### What you are asked to do
Look through the listing below and report the lines that have the word "where" in them.

### Task material
(* If $\alpha,\beta\in\Omega$ are the critical itineraries of an overlapping function, i.e. there exist $a\in(1,2]$ and $p\in[1-1/a,1/a]$ with $\alpha=\tau_{(a,p,-)}(p)$ and $\beta=\tau_{(a,p,+)}(p)$, then $(\alpha,\beta)$ is an admissible, non-null pair.
   Context: For $1<a\le 2$ and $1-\frac1a\le p\le\frac1a$: $f_{(a,p,-)}(x)=ax$ if $x\le p$, $ax+(1-a)$ if $x>p$; $f_{(a,p,+)}(x)=ax$ if $x<p$, $ax+(1-a)$ if $x\ge p$, on $[0,1]$. $\Omega=\{0,1\}^{\infty}$ is the set of infinite binary strings $\omega_0\omega_1\cdots$. For $f_{(a,p,-)}$ let $I_0=[0,p]$, $I_1=(p,1]$; for $f_{(a,p,+)}$ let $I_0=[0,p)$, $I_1=[p,1]$. The itinerary $\tau_{(a,p,\pm)}(x)=\omega$ has $\omega_n=0$ if $f_{(a,p,\pm)}^n(x)\in I_0$ and $\omega_n=1$ if it lies in $I_1$. $S$ is the left shift on $\Omega$, $\preceq$ the lexicographic order, with intervals $[\alpha,\beta]=\{\omega:\alpha\preceq\omega\preceq\beta\}$ etc. A pair $(\alpha,\beta)$ is admissible if $\alpha_0=0,\alpha_1=1,\beta_0=1,\beta_1=0$, and $S^n\alpha\notin(\alpha,\beta]$, $S^n\beta\notin[\alpha,\beta)$ for all $n\ge0$. Then $\Omega_{(\alpha,\beta,-)}=\{\omega:S^n\omega\notin(\alpha,\beta]\ \forall n\ge 0\}$, $\Omega_{(\alpha,\beta,+)}=\{\omega:S^n\omega\notin[\alpha,\beta)\ \forall n\ge 0\}$, $\Omega_{(\alpha,\beta)}$ their union. For $\Gamma\subseteq\Omega$, $\Gamma_n=\{\omega_0\cdots\omega_n:\omega\in\Gamma\}$ and $h(\Gamma)=\limsup_n\frac1n\ln|\Gamma_n|$. The admissible pair is null if $h(\Omega_{(\alpha,\beta)})=0$, non-null otherwise. *)

theory Defs
  imports "HOL-Analysis.Analysis"
begin

definition Omega :: "(nat \<Rightarrow> nat) set" where
  "Omega = {\<omega>. \<forall>n. \<omega> n \<in> {0, 1}}"

definition f_minus :: "real \<Rightarrow> real \<Rightarrow> real \<Rightarrow> real" where
  "f_minus a p x = (if x \<le> p then a * x else a * x + (1 - a))"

### Output for this task
definition Omega :: "(nat \<Rightarrow> nat) set" where
definition f_minus :: "real \<Rightarrow> real \<Rightarrow> real \<Rightarrow> real" where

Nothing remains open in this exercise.